• DATA IN THIS EXERCISE
theorem P_lsis_subset_NPpoly:
  assumes "f \<in> P_lsis" shows "lang_of f \<in> NPpoly"
proof -
  obtain a e X where size: "\<And>n. length (X n) \<le> a * n ^ e + a"
    and computes: "\<And>n. splitting_computes (X n) n (f n)"
    using P_lsis_programs[OF assms] by metis
  define \<Phi> where "\<Phi> n = (if n \<le> 1 then shannon (f n) n else cert_formula n (X n))" for n
  define g where "g w c = feval (w @ c) (\<Phi> (length w))" for w c
  define k where "k = e + 4 * a"
  define h where "h N = 20 * (a * N ^ e + a + 1) ^ 2 + 11" for N
  have "poly_bounded h"
    unfolding h_def by (intro poly_bounded_if_growth poly_growth_intros)
  moreover have "mono h"
    unfolding h_def by (intro monoI add_le_mono1 mult_le_mono2 power_mono) auto
  moreover have "fsize (\<Phi> n) \<le> h n" for n
  proof (cases "n \<le> 1")
    case True
    then have "fsize (\<Phi> n) \<le> 11 ^ 1" using fsize_shannon[of "f n" n] power_increasing[of n 1 "11::nat"]
      by (simp add: \<Phi>_def)
    then show ?thesis by (simp add: h_def)
  next
    case False
    have "fsize (\<Phi> n) \<le> 20 * (length (X n) + 1) ^ 2" using False fsize_cert_formula by (simp add: \<Phi>_def)
    also have "\<dots> \<le> 20 * (a * n ^ e + a + 1) ^ 2" using size by (intro mult_le_mono2 power_mono) auto
    finally show ?thesis by (simp add: h_def)
  qed
  ultimately have "Ppoly2 g" unfolding g_def by (rule formula_family_Ppoly2)
  moreover have "w \<in> lang_of f \<longleftrightarrow> (\<exists>c. length c \<le> length w ^ k \<and> g w c)" for w
  proof (cases "length w \<le> 1")
    case True
    then have "g w c = f (length w) w" for c by (simp add: g_def \<Phi>_def feval_shannon)
    moreover have "length ([] :: bool list) \<le> length w ^ k" by simp
    ultimately show ?thesis unfolding lang_of_def mem_Collect_eq by blast
  next
    case False
    have "2 * length (X (length w)) \<le> 2 * (a * length w ^ e + a)"
      by (rule mult_le_mono2[OF size])
    also have "\<dots> \<le> length w ^ k" using certificate_length_bound False by (simp add: k_def)
    finally have "2 * length (X (length w)) \<le> length w ^ k" .
    then show ?thesis
      using splitting_computes_iff_certificate[OF computes refl] False
      by (simp add: lang_of_def g_def \<Phi>_def)
  qed
  ultimately show ?thesis unfolding NPpoly_def by blast
qed

theorem theorem12:
  shows "lang_of ` P_lsis = NPpoly"
  using P_lsis_subset_NPpoly NPpoly_subset_P_lsis by blast

end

• TASK DESCRIPTION
Please count the lines in the records that contain "ultimately" and reply with the count alone.

• EXERCISE ANSWER
3